Some details are clear: an honorable man is brave, keeps "his word" (serious promises), and is polite to ... some people (women and social superiors?) An honorable woman is all that and chaste as well. Beyond that, it's kind of unclear, at least to me.

What was honor? Was honor an issue below a certain social level? Were there written codes? Or was it as nebulous as being "cool" in our time?
 
The correct question, really? It means, for starters, you “keep your word.” That was currency.

Now, Yankees insisted on written contracts, witnessed in writing by third parties, because one’s “word” had no currency in their world.

I guess I’m not surprised this is still a mystery to many of you.
 
The correct question, really? It means, for starters, you “keep your word.” That was currency.

Now, Yankees insisted on written contracts, witnessed in writing by third parties, because one’s “word” had no currency in their world.

I guess I’m not surprised this is still a mystery to many of you.

Oh, you mean like Lee's oath to the United States?
 
The correct question, really? It means, for starters, you “keep your word.” That was currency.

Now, Yankees insisted on written contracts, witnessed in writing by third parties, because one’s “word” had no currency in their world.

I guess I’m not surprised this is still a mystery to many of you.

Come on, Drew!

Are you implying that Southerners never, ever, insisted on written contracts with one another, witnessed in writing by third parties?

What I consider a mystery is the far fetched idea that you actually suggest this.
 
Oh, you mean like Lee's oath to the United States?

Lee resigned his commission in a straightforward way and picked his side. This is really off topic, Mr. Copperhead.

The thread as I read it is conceptual and again, I’m not surprised you’ve trouble grasping it.
 
Come on, Drew!

Are you implying that Southerners never, ever, insisted on written contracts with one another, witnessed in writing by third parties?

What I consider a mystery is the far fetched idea that you actually suggest this.

UB, I’m going to dig a book off my shelf and share a passage with you. Not tonight, I need to go to bed, but you have my Word I will bump this thread and share it with you.

Hint: A Yankee had figured something out about the South. Stay tuned....
 
"The safety and honor of a Republic must rest upon the morality, intelligence and patriotism of the community."

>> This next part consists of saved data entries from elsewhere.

lemma outside_adjacent:
  assumes w: "w \<in> V" "w \<notin> set P" and z: "z \<in> V" "z \<notin> set P" and "w \<noteq> z"
  shows "adjacent A w z"
proof (rule ccontr)
  assume "\<not> adjacent A w z"
  then interpret nonadjacent_pair V A k P w z using assms by unfold_locales
  interpret converse: semicomplete_geodesic V "A\<inverse>" k "rev P" by (rule converse_geodesic)
  have "In w \<union> Out w \<noteq> {}" "In z \<union> Out z \<noteq> {}" using adjacent_to_P w z by blast+
  moreover have "Out w = {} \<or> In z = {}" "Out z = {} \<or> In w = {}"
    using Out_empty_or_In_empty swap.Out_empty_or_In_empty by blast+
  ultimately consider "Out w = {}" "Out z = {}" "In w \<noteq> {}" "In z \<noteq> {}"
    | "In w = {}" "In z = {}" "Out w \<noteq> {}" "Out z \<noteq> {}"
    by blast
  then show False
  proof cases
    case 1
    then have "dominated w" "dominated z" using w z by (simp_all add: dominated_def)
    then show False using dominated_adjacent \<open>w \<noteq> z\<close> nonadjacent by blast
  next
    case 2
    then have "converse.dominated w" "converse.dominated z"
      using w z by (simp_all add: converse.dominated_def In_converse Out_converse)
    then show False using converse.dominated_adjacent \<open>w \<noteq> z\<close> nonadjacent by simp
  qed
qed

end

lemma semicomplete_geodesicI:
  assumes "k_quasi_transitive k V A" "strong V A" "5 \<le> k"
    and "is_path_from_to V A P u v" "path_len P = k + 2" "dist V A u v = k + 2"
    and "semicomplete (set P) (induced_arcs A (set P))"
  shows "semicomplete_geodesic V A k P"
proof
  have P: "is_path V A P" "hd P = u" "last P = v" using assms(4) by (auto simp: is_path_from_to_def)
  then show "is_path V A P" by simp
  show "length P = k + 3" using assms(5) is_path_nonempty[OF P(1)] by (simp add: path_len_def)
  show "k + 3 \<le> length q" if "is_path V A q" "hd q = hd P" "last q = last P" for q
  proof -
    have "is_path_from_to V A q u v" using that P by (simp add: is_path_from_to_def)
    then have "dist V A u v \<le> path_len q" unfolding dist_def by (intro Least_le) blast
    then show ?thesis using assms(6) is_path_nonempty[OF that(1)] by (simp add: path_len_def)
  qed
qed (use assms in auto)
lemma components_insert_edge:
  assumes a: "a \<in> V" and b: "b \<in> V" and disc: "\<not> same_comp V A a b"
  defines "Ca \<equiv> comp_rel V A `` {a}" and "Cb \<equiv> comp_rel V A `` {b}"
  shows "V // comp_rel V (insert {a, b} A) = insert (Ca \<union> Cb) (V // comp_rel V A - {Ca, Cb})"
proof -
  let ?Q = "comp_rel V A" and ?Q' = "comp_rel V (insert {a, b} A)"
  note cls = comp_class_insert[OF a b]
  have far: "?Q' `` {x} = ?Q `` {x} \<and> ?Q `` {x} \<noteq> Ca \<and> ?Q `` {x} \<noteq> Cb"
    if "x \<in> V" "\<not> (same_comp V A x a \<or> same_comp V A x b)" for x
    using that cls comp_class_eq_iff[OF that(1) a] comp_class_eq_iff[OF that(1) b]
    unfolding Ca_def Cb_def by auto
  have near: "?Q' `` {x} = Ca \<union> Cb" if "x \<in> V" "same_comp V A x a \<or> same_comp V A x b" for x
    using that cls unfolding Ca_def Cb_def by auto
  show ?thesis
  proof (intro equalityI subsetI)
    fix X assume "X \<in> V // ?Q'"
    then obtain x where x: "x \<in> V" "X = ?Q' `` {x}" by (auto simp: quotient_eq_image)
    show "X \<in> insert (Ca \<union> Cb) (V // ?Q - {Ca, Cb})"
    proof (cases "same_comp V A x a \<or> same_comp V A x b")
      case True then show ?thesis using near x by blast
    next
      case False
      have "?Q `` {x} \<in> V // ?Q" using x(1) by (auto simp: quotient_eq_image)
      then show ?thesis using far[OF x(1) False] x(2) by auto
    qed
  next
    fix X assume X: "X \<in> insert (Ca \<union> Cb) (V // ?Q - {Ca, Cb})"
    show "X \<in> V // ?Q'"
    proof (cases "X = Ca \<union> Cb")
      case True
      then show ?thesis using near[OF a] same_comp_refl[OF a] a by (auto simp: quotient_eq_image)
    next
      case False
      then obtain x where x: "x \<in> V" "X = ?Q `` {x}" "X \<noteq> Ca" "X \<noteq> Cb"
        using X by (auto simp: quotient_eq_image)
      then have "\<not> (same_comp V A x a \<or> same_comp V A x b)"
        using comp_class_eq_iff[OF x(1) a] comp_class_eq_iff[OF x(1) b]
            unfolding Ca_def Cb_def by auto
      then show ?thesis using far x by (auto simp: quotient_eq_image)
    qed
  qed
qed

lemma ncomp_insert:
  assumes V: "finite V" and a: "a \<in> V" and b: "b \<in> V"
  shows "ncomp V (insert {a, b} A) = (if same_comp V A a b then ncomp V A else ncomp V A - 1)"
proof (cases "same_comp V A a b")
  case True
  have "same_comp V (insert {a, b} A) x y \<longleftrightarrow> same_comp V A x y" for x y
    using True unfolding same_comp_insert[OF a b] by (meson same_comp_trans same_comp_sym)
  then have "comp_rel V (insert {a, b} A) = comp_rel V A"
    unfolding same_comp_def by auto
  then show ?thesis using True unfolding ncomp_def by simp
next
  case False
  let ?Q = "comp_rel V A"
  let ?Ca = "?Q `` {a}" and ?Cb = "?Q `` {b}"
  have classes: "?Ca \<in> V // ?Q" "?Cb \<in> V // ?Q" "?Ca \<noteq> ?Cb"
    using a b comp_class_eq_iff[OF a b] False by (auto simp: quotient_eq_image)
  have union_new: "?Ca \<union> ?Cb \<notin> V // ?Q - {?Ca, ?Cb}"
  proof
    assume "?Ca \<union> ?Cb \<in> V // ?Q - {?Ca, ?Cb}"
    then obtain x where x: "x \<in> V" "?Ca \<union> ?Cb = ?Q `` {x}" "?Q `` {x} \<noteq> ?Ca"
      by (auto simp: quotient_eq_image)
    have "a \<in> ?Q `` {x}" using x(2) same_comp_refl[OF a] unfolding same_comp_def by auto
    then show False using comp_class_eq_iff[OF x(1) a] x(3) unfolding same_comp_def by auto
  qed
  have fin: "finite (V // ?Q)" by (rule finite_components[OF V])
  have "card (V // ?Q - {?Ca, ?Cb}) = card (V // ?Q) - 2"
    using classes fin by (simp add: card_Diff_subset)
  moreover have "card (V // ?Q) \<ge> 2"
    using classes fin by (metis card_2_iff card_mono empty_subsetI insert_subset)
  ultimately show ?thesis
    unfolding ncomp_def components_insert_edge[OF a b False]
    using False union_new fin by simp
qed

lemma ncomp_empty: "finite V \<Longrightarrow> ncomp V {} = card V"
proof -
  assume V: "finite V"
  have "comp_rel V {} = Id_on V" unfolding comp_rel_def edge_rel_def by (auto simp: Id_on_def)
  then have "V // comp_rel V {} = (\<lambda>x. {x}) ` V" unfolding quotient_eq_image by auto
  then show ?thesis unfolding ncomp_def using V by (simp add: card_image)
qed

text \<open>Each edge lowers the number of components by at most one, hence
|V| \<le> |A| + k(A): the nullity card A + k(A) - |V| is a genuine natural number.\<close>
lemma forest_bound:
  assumes "finite A" "finite V" "simple_on V A"
  shows "card V \<le> card A + ncomp V A"
  using assms
proof (induction A rule: finite_induct)
  case empty then show ?case by (simp add: ncomp_empty)
next
  case (insert e A)
  then obtain a b where e: "e = {a, b}" "a \<in> V" "b \<in> V" unfolding simple_on_def by blast
  have "card V \<le> card A + ncomp V A" using insert simple_on_mono by blast
  moreover have "ncomp V A \<le> ncomp V (insert e A) + 1"
    using ncomp_insert[OF insert.prems(1) e(2,3), of A] e(1) by auto
  ultimately show ?case using insert.hyps by simp
qed

lemma rtrancl_Un_disjoint_stays:
  assumes R1: "R1 \<subseteq> V1 \<times> V1" and R2: "R2 \<subseteq> V2 \<times> V2" and disj: "V1 \<inter> V2 = {}"
    and x: "x \<in> V1" and path: "(x, y) \<in> (R1 \<union> R2)\<^sup>*"
  shows "(x, y) \<in> R1\<^sup>* \<and> y \<in> V1"
proof -
  have stays: "(x, z) \<in> R1\<^sup>* \<Longrightarrow> z \<in> V1" for z
    by (induction rule: rtrancl_induct) (use x R1 in auto)
  have "(x, y) \<in> R1\<^sup>*"
    using path by (rule rtrancl_Un_separatorE) (use stays R2 disj in blast)
  then show ?thesis using stays by blast
qed

lemma comp_rel_Un:
  assumes A1: "simple_on V1 A1" and A2: "simple_on V2 A2" and disj: "V1 \<inter> V2 = {}"
  shows "comp_rel (V1 \<union> V2) (A1 \<union> A2) = comp_rel V1 A1 \<union> comp_rel V2 A2"
proof -
  have R: "edge_rel (A1 \<union> A2) = edge_rel A1 \<union> edge_rel A2" unfolding edge_rel_def by auto
  note R1 = edge_rel_subset[OF A1] and R2 = edge_rel_subset[OF A2]
  have disj': "V2 \<inter> V1 = {}" using disj by blast
  have "(u, v) \<in> comp_rel V1 A1 \<union> comp_rel V2 A2"
    if "u \<in> V1 \<union> V2" "(u, v) \<in> (edge_rel A1 \<union> edge_rel A2)\<^sup>*" for u v
    using that rtrancl_Un_disjoint_stays[OF R1 R2 disj, of u v]
      rtrancl_Un_disjoint_stays[OF R2 R1 disj', of u v]
    unfolding comp_rel_def by (auto simp: Un_commute)
  moreover have "comp_rel V1 A1 \<union> comp_rel V2 A2 \<subseteq> comp_rel (V1 \<union> V2) (A1 \<union> A2)"
    unfolding comp_rel_def R using in_rtrancl_UnI by blast
  ultimately show ?thesis unfolding comp_rel_def[of "V1 \<union> V2"] R by auto
qed

lemma same_comp_Un:
  assumes "simple_on V1 A1" "simple_on V2 A2" "V1 \<inter> V2 = {}"
  shows "same_comp (V1 \<union> V2) (A1 \<union> A2) x y \<longleftrightarrow> same_comp V1 A1 x y \<or> same_comp V2 A2 x y"
  unfolding same_comp_def comp_rel_Un[OF assms] by simp

lemma ncomp_Un:
  assumes A: "simple_on V1 A1" "simple_on V2 A2" and disj: "V1 \<inter> V2 = {}"
    and fin: "finite V1" "finite V2"
  shows "ncomp (V1 \<union> V2) (A1 \<union> A2) = ncomp V1 A1 + ncomp V2 A2"
proof -
  let ?Q1 = "comp_rel V1 A1" and ?Q2 = "comp_rel V2 A2"
  have "(?Q1 \<union> ?Q2) `` {x} = ?Q1 `` {x}" if "x \<in> V1" for x
    using that disj comp_rel_subset[of V2 A2] by auto
  moreover have "(?Q1 \<union> ?Q2) `` {x} = ?Q2 `` {x}" if "x \<in> V2" for x
    using that disj comp_rel_subset[of V1 A1] by auto
  ultimately have split: "(V1 \<union> V2) // (?Q1 \<union> ?Q2) = V1 // ?Q1 \<union> V2 // ?Q2"
    unfolding quotient_eq_image by (auto simp: image_Un)
  have "X \<subseteq> V1" "X \<noteq> {}" if "X \<in> V1 // ?Q1" for X
    using that comp_rel_subset[of V1 A1] same_comp_refl[of _ V1 A1]
    unfolding same_comp_def by (auto simp: quotient_eq_image)
  moreover have "X \<subseteq> V2" if "X \<in> V2 // ?Q2" for X
    using that comp_rel_subset[of V2 A2] by (auto simp: quotient_eq_image)
  ultimately have "V1 // ?Q1 \<inter> V2 // ?Q2 = {}" using disj by blast
  then show ?thesis unfolding ncomp_def comp_rel_Un[OF A disj] split
    using fin by (intro card_Un_disjoint finite_components)
qed

definition edge_image :: "('a \<Rightarrow> 'b) \<Rightarrow> 'a set set \<Rightarrow> 'b set set" where
  "edge_image f A = (\<lambda>e. f ` e) ` A"

lemma simple_on_edge_image:
  assumes A: "simple_on V A" and inj: "inj_on f V"
  shows "simple_on (f ` V) (edge_image f A)"
  unfolding simple_on_def
proof
  fix e' assume "e' \<in> edge_image f A"
  then obtain e where e: "e \<in> A" "e' = f ` e" unfolding edge_image_def by blast
  then obtain a b where ab: "e = {a, b}" "a \<noteq> b" "a \<in> V" "b \<in> V"
      using A unfolding simple_on_def by blast
  then have "f a \<noteq> f b" using inj by (auto dest: inj_onD)
  then show "\<exists>a b. e' = {a, b} \<and> a \<noteq> b \<and> a \<in> f ` V \<and> b \<in> f ` V" using e ab by auto
qed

Jefferson Davis in a speech to the Mississippi legislature, March 10, 1884, nearly two decades after the Civil War.
 
"I have the honor to acknowledge the receipt of your communication demanding the evacuation of this fort [Sumter]; and to say in reply thereto that it is a demand with which I regret that my sense of honor and of my obligations to my government prevent my compliance."

US Major Robert Anderson, in a message to Confederate brigadier general Pierre G. T. Beauregard.
 
https://www.marylutyndall.com/2012/05/code-duello-rules-of-dueling.html

The Code Duello was written down, but it was a book of the rules regarding duels. This was the Irish Code Duello written in 1777. It was more or less followed by most everyone country in the world. It was published in a Navy handbook given to Midshipmen joining the US Navy until 1862, when dueling was banned in 1862. The above is a link to the 22 rules regarding duels. A new and more American version of the code duello was written by South Carolina Governor Lyde Wilson in 1838 Since dueling is so often connected to honor, many actual referred to a duel as an affair of honor. So Now the question as asked above is what is honor. This is a question that varied from man to man in the upper social classes. There seemed to be no universal answer to what honor meant to a person or how they interpreted it.
 
There have been several threads, recently, about "Was So-and-so an honorable man?" People then give evidence for and against. But if there was any discussion about what honor is, I missed it. Do social historians have any clear ideas on what's honorable, especially in Civil-War-time America?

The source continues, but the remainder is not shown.